Larry Miller: Tar Heel Legend and ABA Single Game Scoring Leader

This article was originally published in the October 2005 issue of Tar Heel Monthly; since that time, L.A. Lakers guard Kobe Bryant scored 81 points in a game versus the Toronto Raptors.

Larry Miller won both the ACC Player of the Year Award and the ACC Tournament MVP in 1967 and 1968 as a Tar Heel, an accomplishment that not even Hall of Famers Bob McAdoo or Michael Jordan matched. North Carolina won most of its games by comfortable margins in 1968, but South Carolina took the Tar Heels to overtime in the ACC Semifinals. Miller played all 45 minutes, scoring 24 points and grabbing 13 rebounds in an 82-79 North Carolina victory.

North Carolina earned an NCAA Tournament bid by crushing North Carolina State 87-50 in the ACC Championship. The 6-4 Miller had 27 points and 16 rebounds in a 91-72 rout of undefeated St. Bonaventure in the NCAA East Regional Semifinals, outscoring and outrebounding Hall of Fame center Bob Lanier (23 points and 9 rebounds). Miller says, "That showed what we had been trying to tell people all year--that we had a really super team.
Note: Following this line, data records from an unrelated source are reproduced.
lemma sum_of_nat_mult_power_le:
  fixes s :: real
  assumes "0 \<le> s" "s < 1"
  shows "(\<Sum>n<N. real n * s ^ n) \<le> 1 / (1 - s)\<^sup>2"
proof -
  have "(real N - 1) * s ^ (N + 1) \<le> real N * s ^ (N + 1)"
    using assms by (simp add: mult_right_mono)
  also have "\<dots> \<le> real N * s ^ N"
    using assms by (intro mult_left_mono power_decreasing) auto
  finally have "(1 - s)\<^sup>2 * (\<Sum>n<N. real n * s ^ n) \<le> s"
    unfolding sum_of_nat_mult_power_closed_form by linarith
  also have "s \<le> 1" using assms by simp
  finally show ?thesis
    using assms by (simp add: pos_le_divide_eq mult.commute)
qed

lemma sum_of_nat_mult_power_ge:
  fixes s :: real
  assumes "0 \<le> s" "s < 1" "0 < N"
  shows "(s - real N * s ^ N) / (1 - s)\<^sup>2 \<le> (\<Sum>n<N. real n * s ^ n)"
proof -
  have "0 \<le> (real N - 1) * s ^ (N + 1)"
    using assms by simp
  then have "s - real N * s ^ N \<le> (1 - s)\<^sup>2 * (\<Sum>n<N. real n * s ^ n)"
    unfolding sum_of_nat_mult_power_closed_form by linarith
  then show ?thesis
    using assms by (simp add: pos_divide_le_eq mult.commute)
qed

lemma sqrt_of_nat_le: "sqrt (real n) \<le> real n"
proof -
  have "real n \<le> (real n)\<^sup>2" by (cases n) (auto simp: power2_eq_square)
  then show ?thesis by (metis real_sqrt_abs abs_of_nat real_sqrt_le_mono)
qed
To this day I believe that we had the best team in the country that year, player by player."

After victories over Davidson and Ohio State, North Carolina lost 78-55 to John Wooden’s UCLA Bruins in the NCAA Championship Game. Miller declares, "I'm going to get in trouble for saying this, but it came down to this: they asked us what we wanted to do—'Do you want to run?' I said, 'Let’s run with them. We can beat them.' But the decision came out that we didn’t want to run with them. Of course, Alcindor was the greatest player, but I believe to this day that we had more talent than they did."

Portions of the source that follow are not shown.